=== PROBLEM TO SOLVE ===
Within the data below, count the lines that include the word "assms". Provide the number and nothing further.

DATASET EXTRACT Block Start

lemma gegenbauer_coeff_eq_sin_integrals:
  assumes l: "l > 0" and f: "continuous_on {-1..1} (\<lambda>x. f (complex_of_real x))"
  shows "gegenbauer_coeff n (real l) f =
    (\<Sum>k<l. complex_of_real (sin_sum_coeff (real l) (real n) k) *
       integral {0..pi} (\<lambda>t. complex_of_real (sin t * sin (real (n + 2*k + 1) * t)) * f (complex_of_real (cos t))))
    / complex_of_real (pochhammer (real l) n / fact n * (pi/2))"
proof -
  let ?K = "gegenbauer_sin_scale l n"
  have "integral {-1..1}
      (\<lambda>x. complex_of_real (gegenbauer_weight (real l) x * gegenbauer n (real l) x) * f (complex_of_real x))
    = (\<Sum>k<l. complex_of_real (?K * sin_sum_coeff (real l) (real n) k) *
       integral {0..pi} (\<lambda>t. complex_of_real (sin t * sin (real (n + 2*k + 1) * t)) * f (complex_of_real (cos t))))"
    using integral_gegenbauer_weight_mult[OF l f] by (simp only: scaleR_conv_of_real)
  also have "\<dots> = complex_of_real ?K * (\<Sum>k<l. complex_of_real (sin_sum_coeff (real l) (real n) k) *
       integral {0..pi} (\<lambda>t. complex_of_real (sin t * sin (real (n + 2*k + 1) * t)) * f (complex_of_real (cos t))))"
    by (simp add: sum_distrib_left mult.assoc)
  finally show ?thesis
    unfolding gegenbauer_coeff_def gegenbauer_h_eq[OF l]
    using gegenbauer_sin_scale_pos[OF l, of n] by simp
qed

section \<open>The Joukowski map and the Bernstein ellipse\<close>

definition joukowski :: "complex \<Rightarrow> complex" where
  "joukowski w = (w + inverse w) / 2"

lemma joukowski_focal_sum:
  assumes "w \<noteq> 0"
  shows "cmod (joukowski w - 1) + cmod (joukowski w + 1) = cmod w + inverse (cmod w)"
proof -
  have "joukowski w - 1 = (w - 1)^2 / (2*w)" "joukowski w + 1 = (w + 1)^2 / (2*w)"
    using assms unfolding joukowski_def by (simp_all add: field_simps power2_eq_square)
  then have "cmod (joukowski w - 1) + cmod (joukowski w + 1) = (cmod (w - 1)^2 + cmod (w + 1)^2) / (2 * cmod w)"
    by (simp add: norm_divide norm_mult norm_power add_divide_distrib)
  also have "cmod (w - 1)^2 + cmod (w + 1)^2 = 2 * cmod w ^ 2 + 2"
    unfolding cmod_power2 by (simp add: power2_eq_square algebra_simps)
  finally show ?thesis
    using assms by (simp add: field_simps power2_eq_square)
qed

lemma add_inverse_mono:
  fixes r s :: real
  assumes "1 \<le> r" "r \<le> s"
  shows "r + inverse r \<le> s + inverse s"
proof -
  have "r * s \<ge> 1"
    using assms mult_mono[of 1 r 1 s] by simp
  then have "(s - r) * (r * s - 1) / (r * s) \<ge> 0"
    using assms by simp
  moreover have "s + inverse s - (r + inverse r) = (s - r) * (r * s - 1) / (r * s)"
    using assms by (simp add: field_simps)
  ultimately show ?thesis by simp
qed

lemma joukowski_in_bernstein_region:
  assumes "1 \<le> cmod w" "cmod w \<le> rho"
  shows "joukowski w \<in> bernstein_region rho"
proof -
  have "w \<noteq> 0" using assms by auto
  then show ?thesis
    using joukowski_focal_sum[of w] add_inverse_mono[OF assms] unfolding bernstein_region_def by simp
qed

lemma of_real_in_bernstein_region:
  assumes "rho > 1" "x \<in> {-1..1}"
  shows "complex_of_real x \<in> bernstein_region rho"
proof -
  have "complex_of_real x - 1 = complex_of_real (x - 1)" "complex_of_real x + 1 = complex_of_real (x + 1)"
    by simp_all
  then have "cmod (complex_of_real x - 1) + cmod (complex_of_real x + 1) = 2"
    using assms by (simp only: norm_of_real) auto
  then show ?thesis
    using add_inverse_mono[of 1 rho] assms unfolding bernstein_region_def by simp
qed

lemma bernstein_ellipse_eq_joukowski_circlepath:
  "bernstein_ellipse rho = joukowski \<circ> circlepath 0 rho"
proof
  fix t
  have "circlepath 0 rho t = complex_of_real rho * cis (2*pi*t)"
    by (simp add: circlepath cis_conv_exp mult_ac)
  then show "bernstein_ellipse rho t = (joukowski \<circ> circlepath 0 rho) t"
    unfolding bernstein_ellipse_def joukowski_def
    by (simp add: inverse_mult_distrib of_real_inverse)
qed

DATASET EXTRACT Block End

=== RESULT OF THIS EXERCISE ===
9